Jayden was among 157 fourth-graders at the Hamilton (named for Alexander Hamilton, the man killed by Burr) Elementary School who studied and portrayed famous New Jersey historical figures.

And, during a recent three-day period, they took turns showcasing their celebrity choices for the benefit of parents and loved ones as part of Live Wax Museum.

Principal Kevin Stahl and Maureen Kroog, district director of curriculum and instruction, said the public unveiling represented the culmination of a fourth-grade social studies project blending in language arts and public speaking.
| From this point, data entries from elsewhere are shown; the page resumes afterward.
(* Let $f\in\mathbb Z[x,x^{-1}]$ be a Laurent polynomial with integer coefficients which is hyperbolic (no complex root on the unit circle). Then $f\cdot\mathbb Z_{ac}(x)\cap\mathbb Z_{ac}[x)=f\cdot\mathbb Z_{ac}[x)$.
   Context: A formal Laurent series $\sum_{n\in\mathbb Z}c_nx^n$ is almost convergent if $\limsup_{n\to\infty}|c_n|^{1/n}\le1$ and $\limsup_{n\to\infty}|c_{-n}|^{1/n}\le1$. $\mathbb Z_{ac}(x)$ denotes the ring (under formal multiplication where defined; here products with Laurent polynomials) of almost convergent two-sided Laurent series with integer coefficients, and $\mathbb Z_{ac}[x)$ the subset of those of the form $\sum_{n\ge m}a_nx^n$ for some $m\in\mathbb Z$ (only finitely many negative powers). *)

theory Defs
  imports "HOL-Analysis.Analysis"
begin

text \<open>Two-sided formal Laurent series with integer coefficients are modelled as
  coefficient functions c :: int => int (c n is the coefficient of x^n).\<close>

definition laurent_poly :: "(int \<Rightarrow> int) \<Rightarrow> bool" where
  "laurent_poly f \<longleftrightarrow> finite {k. f k \<noteq> 0}"

definition laurent_eval :: "(int \<Rightarrow> int) \<Rightarrow> complex \<Rightarrow> complex" where
  "laurent_eval f z = (\<Sum>k\<in>{k. f k \<noteq> 0}. of_int (f k) * z powi k)"

definition hyperbolic :: "(int \<Rightarrow> int) \<Rightarrow> bool" where
  "hyperbolic f \<longleftrightarrow> (\<forall>z::complex. norm z = 1 \<longrightarrow> laurent_eval f z \<noteq> 0)"

definition laurent_mult :: "(int \<Rightarrow> int) \<Rightarrow> (int \<Rightarrow> int) \<Rightarrow> (int \<Rightarrow> int)" where
  "laurent_mult f g = (\<lambda>n. \<Sum>k\<in>{k. f k \<noteq> 0}. f k * g (n - k))"

definition almost_convergent :: "(int \<Rightarrow> int) \<Rightarrow> bool" where
  "almost_convergent c \<longleftrightarrow>
     limsup (\<lambda>n::nat. ereal (root n \<bar>real_of_int (c (int n))\<bar>)) \<le> 1 \<and>
     limsup (\<lambda>n::nat. ereal (root n \<bar>real_of_int (c (- int n))\<bar>)) \<le> 1"

definition Zac :: "(int \<Rightarrow> int) set" where
  "Zac = {c. almost_convergent c}"

definition Zac_right :: "(int \<Rightarrow> int) set" where
  "Zac_right = {c. almost_convergent c \<and> (\<exists>m. \<forall>n<m. c n = 0)}"

end

(*
  Almost convergence of an integer sequence means subexponential growth at both ends.
  Write f = x^s p with p a complex polynomial without roots on the unit circle, and let g
  be almost convergent with f g vanishing near -\<infinity>.  Splitting p into linear factors
  x - \<alpha>, it suffices to show: if (x - \<alpha>) w decays exponentially towards -\<infinity> and w grows
  subexponentially, then w decays exponentially towards -\<infinity>.  For |\<alpha>| < 1 the recurrence
  w(n-1) = \<alpha> w(n) + v(n) is contracting in the direction of -\<infinity>; for |\<alpha>| > 1 it can be
  solved the other way as a geometric series, whose boundary term vanishes because w grows
  more slowly than |\<alpha>|^n.  So the coefficients of g decay exponentially towards -\<infinity>, and
  being integers they are eventually zero.
*)
theory Submission
  imports Defs "HOL-Computational_Algebra.Fundamental_Theorem_Algebra"
begin

definition subexponential :: "(nat \<Rightarrow> 'a::real_normed_vector) \<Rightarrow> bool" where
  "subexponential X \<longleftrightarrow> (\<forall>\<rho>>1. \<exists>C. \<forall>k. norm (X k) \<le> C * \<rho> ^ k)"

definition subexponential_int :: "(int \<Rightarrow> 'a::real_normed_vector) \<Rightarrow> bool" where
  "subexponential_int u \<longleftrightarrow> (\<forall>\<rho>>1. \<exists>C. \<forall>n. norm (u n) \<le> C * \<rho> ^ nat \<bar>n\<bar>)"

definition exp_decay :: "(nat \<Rightarrow> 'a::real_normed_vector) \<Rightarrow> bool" where
  "exp_decay X \<longleftrightarrow> (\<exists>C r. 0 \<le> r \<and> r < 1 \<and> (\<forall>k. norm (X k) \<le> C * r ^ k))"

lemma geometric_bound_if_eventually:
  fixes X :: "nat \<Rightarrow> 'a::real_normed_vector"
  assumes "\<rho> > 0" and "eventually (\<lambda>k. norm (X k) \<le> C * \<rho> ^ k) sequentially"
  shows "\<exists>D. \<forall>k. norm (X k) \<le> D * \<rho> ^ k"
proof -
  obtain N where N: "\<And>k. k \<ge> N \<Longrightarrow> norm (X k) \<le> C * \<rho> ^ k"
    using assms(2) by (auto simp: eventually_sequentially)
  define D where "D = \<bar>C\<bar> + (\<Sum>k<N. norm (X k) / \<rho> ^ k)"
  have "norm (X k) \<le> D * \<rho> ^ k" for k
  proof (cases "k < N")
    case True
    have "norm (X k) / \<rho> ^ k \<le> (\<Sum>k<N. norm (X k) / \<rho> ^ k)"
      by (rule member_le_sum) (use True assms(1) in simp_all)
    also have "\<dots> \<le> D" unfolding D_def by simp
    finally show ?thesis using assms(1) by (simp add: divide_le_eq)
  next
    case False
    have "(\<Sum>k<N. norm (X k) / \<rho> ^ k) \<ge> 0" using assms(1) by (intro sum_nonneg) simp
    then have "C \<le> D" unfolding D_def by linarith
    then have "C * \<rho> ^ k \<le> D * \<rho> ^ k"
      using assms(1) by (intro mult_right_mono) simp_all
    then show ?thesis using N[of k] False by simp
  qed
  then show ?thesis by blast
qed

lemma exp_decay_eventually_zero:
  fixes X :: "nat \<Rightarrow> 'a::real_normed_vector"
  assumes "eventually (\<lambda>k. X k = 0) sequentially"
  shows "exp_decay X"
proof -
  have "eventually (\<lambda>k. norm (X k) \<le> 0 * (1/2) ^ k) sequentially"
    using assms by eventually_elim simp
  then have "\<exists>D. \<forall>k. norm (X k) \<le> D * (1/2::real) ^ k"
    by (rule geometric_bound_if_eventually[rotated]) simp
  then obtain D where "\<forall>k. norm (X k) \<le> D * (1/2::real) ^ k" ..
  then show ?thesis unfolding exp_decay_def by (intro exI[of _ D] exI[of _ "1/2::real"]) auto
qed

lemma exp_decay_of_int_eventually_zero:
  assumes "exp_decay (\<lambda>k. of_int (X k) :: 'a::real_normed_algebra_1)"
  shows "eventually (\<lambda>k. X k = 0) sequentially"
proof -
  obtain C r where r: "0 \<le> r" "r < 1" and C: "\<And>k. \<bar>real_of_int (X k)\<bar> \<le> C * r ^ k"
    using assms unfolding exp_decay_def by auto
  have "(\<lambda>k. C * r ^ k) \<longlonglongrightarrow> C * 0"
    using r by (intro tendsto_mult tendsto_const LIMSEQ_power_zero) auto
  then have "eventually (\<lambda>k. C * r ^ k < 1) sequentially"
    by (intro order_tendstoD) auto
  then show ?thesis
  proof eventually_elim
    case (elim k)
    then show ?case using C[of k] by linarith
  qed
qed

lemma exp_decay_cancel_left:
  fixes X :: "nat \<Rightarrow> 'a::real_normed_field"
  assumes "c \<noteq> 0" and "exp_decay (\<lambda>k. c * X k)"
  shows "exp_decay X"
proof -
  obtain C r where "0 \<le> r" "r < 1" and C: "\<And>k. norm (c * X k) \<le> C * r ^ k"
    using assms(2) unfolding exp_decay_def by blast
  moreover have "norm (X k) \<le> (C / norm c) * r ^ k" for k
    using C[of k] assms(1) by (simp add: norm_mult field_simps)
  ultimately show ?thesis unfolding exp_decay_def by blast
qed

lemma subexponential_if_limsup_root_le_one:
  fixes X :: "nat \<Rightarrow> real"
  assumes "limsup (\<lambda>n. ereal (root n \<bar>X n\<bar>)) \<le> 1"
  shows "subexponential X"
  unfolding subexponential_def
proof (intro allI impI)
  fix \<rho> :: real assume \<rho>: "\<rho> > 1"
  have "limsup (\<lambda>n. ereal (root n \<bar>X n\<bar>)) < ereal \<rho>"
    using assms \<rho> by (simp add: le_less_trans)
  then have "eventually (\<lambda>n. ereal (root n \<bar>X n\<bar>) < ereal \<rho>) sequentially"
    by (rule Limsup_lessD)
  then have "eventually (\<lambda>n. norm (X n) \<le> 1 * \<rho> ^ n) sequentially"
    unfolding eventually_sequentially
  proof (elim exE, intro exI allI impI)
    fix N n assume N: "\<forall>n\<ge>N. ereal (root n \<bar>X n\<bar>) < ereal \<rho>" and n: "n \<ge> Suc N"
    then have "root n \<bar>X n\<bar> ^ n \<le> \<rho> ^ n"
      by (intro power_mono) (auto intro: less_imp_le)
    then show "norm (X n) \<le> 1 * \<rho> ^ n" using n by (simp add: real_root_pow_pos2)
  qed
  then show "\<exists>C. \<forall>k. norm (X k) \<le> C * \<rho> ^ k"
    by (rule geometric_bound_if_eventually[rotated]) (use \<rho> in simp)
qed

lemma limsup_root_le_one_if_subexponential:
  fixes X :: "nat \<Rightarrow> real"
  assumes "subexponential X"
  shows "limsup (\<lambda>n. ereal (root n \<bar>X n\<bar>)) \<le> 1"
proof (rule ereal_le_epsilon2)
  fix e :: real assume e: "e > 0"
  define \<rho> where "\<rho> = 1 + e / 2"
  obtain C where C: "\<And>k. \<bar>X k\<bar> \<le> C * \<rho> ^ k"
    using assms e unfolding subexponential_def \<rho>_def by fastforce
  have "C \<ge> 0" using C[of 0] by simp
  have "(\<lambda>n. root n (C + 1) * \<rho>) \<longlonglongrightarrow> 1 * \<rho>"
    using \<open>C \<ge> 0\<close> by (intro tendsto_mult LIMSEQ_root_const tendsto_const) simp
  moreover have "1 * \<rho> < 1 + e" using e unfolding \<rho>_def by simp
  ultimately have "eventually (\<lambda>n. root n (C + 1) * \<rho> < 1 + e) sequentially"
    by (rule order_tendstoD)
  then have "eventually (\<lambda>n. ereal (root n \<bar>X n\<bar>) \<le> 1 + ereal e) sequentially"
    using eventually_gt_at_top[of 0]
  proof eventually_elim
    case (elim n)
    have "C * \<rho> ^ n \<le> (C + 1) * \<rho> ^ n"
      using e by (intro mult_right_mono) (simp_all add: \<rho>_def)
    then have "\<bar>X n\<bar> \<le> (C + 1) * \<rho> ^ n"
      using C[of n] by linarith
    then have "root n \<bar>X n\<bar> \<le> root n ((C + 1) * \<rho> ^ n)"
      using elim by (intro real_root_le_mono) auto
    also have "\<dots> = root n (C + 1) * \<rho>"
      using elim e by (simp add: \<rho>_def real_root_mult real_root_power_cancel)
    finally show ?case using elim by simp
  qed
  then show "limsup (\<lambda>n. ereal (root n \<bar>X n\<bar>)) \<le> 1 + ereal e"
    by (rule Limsup_bounded)
qed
It also, Kroog added, reflected a collaborative effort among the participants. “I understand they performed for each other as practice for the public event,” she said.

To prep the kids for their upcoming assignment, the school sponsored a field trip to Madame Tussauds Wax Museum in Manhattan in December.

Then, after winter holiday break, the school’s 10 grade 4 teachers drafted a list of Garden State notables, put their names on index cards which they placed in a hat for students to randomly draw.

Whatever name they picked because their adopted historical figure.

Then, for the next two weeks, it was off to the races to come up with facts about their subject, using school media labs and chrome books containing appropriate search engines to gather facts and then, formulate a brief narrative summarizing the individual’s accomplishments.

Each student got a poster board and a large sheet of brown paper to which they fastened clippings and photographs about their historic figures.

And they prepared a short speech that they would commit to memory to recite – in a costume appropriate to their figures – to parents and visitors on the day when their class section was scheduled.

On those days, the school’s gymnatorium took on the look of a wax museum as students froze, in character, in individual niches in front of their “exhibits.”

Taped to the floor, in front of each “display,” was an imprint of the map of New Jersey. When a visitor stood on the map, the student would deliver his/her speech.

When so prompted, fourth-grader Ayanna Gillespie sounded the praises of Chatham native Alice Waters, a pioneer in the organic food movement, particularly in California.

“She tried to change the world by making healthy foods,” Ayanna said.

Asked if she practiced what her role model preached, Ayanna replied: “Sometimes.” When at one with her nutritional mentor, she said, “I eat carrots, the health kind of pasta, broccoli and lettuce.”

Like Gov. Christie, young Joel Rueda is an admitted follower of the Dallas Cowboys professional football team but that doesn’t prevent him from flipping over the antics of Paterson-born Victor Cruz.

“I watch a lot of football,” Joel said. “Cruz is my favorite player. He can catch with one hand and he’s a good runner.” And now, he added, “he’s a free agent.”

As research teammates, Joel recruited his two older brothers, Hector, a Giants rooter, and Daniel, who supports the Panthers. Apparently, it’s a friendly rivalry.

Suspense novelist Mary Higgins Clark, raised in Washington Township in Bergen County, has captured the heart and mind of Juliana Soeira as she carefully turned the pages of Clark’s “The Second Time Around.”

“I really like reading,” said Juliana. “[Clark’s] books are very unique. It’s her style. They want to make you keep reading.”

Each of the three-day visitations drew dozens of parents, including Vanessa Downes, whose son Jordan drew former Yankees shortstop Derek Jeter (born in Pequannock Township) as his model.

“It’s extraordinary what the children and their teachers have done here,” Downes said. “Such a wonderful job.”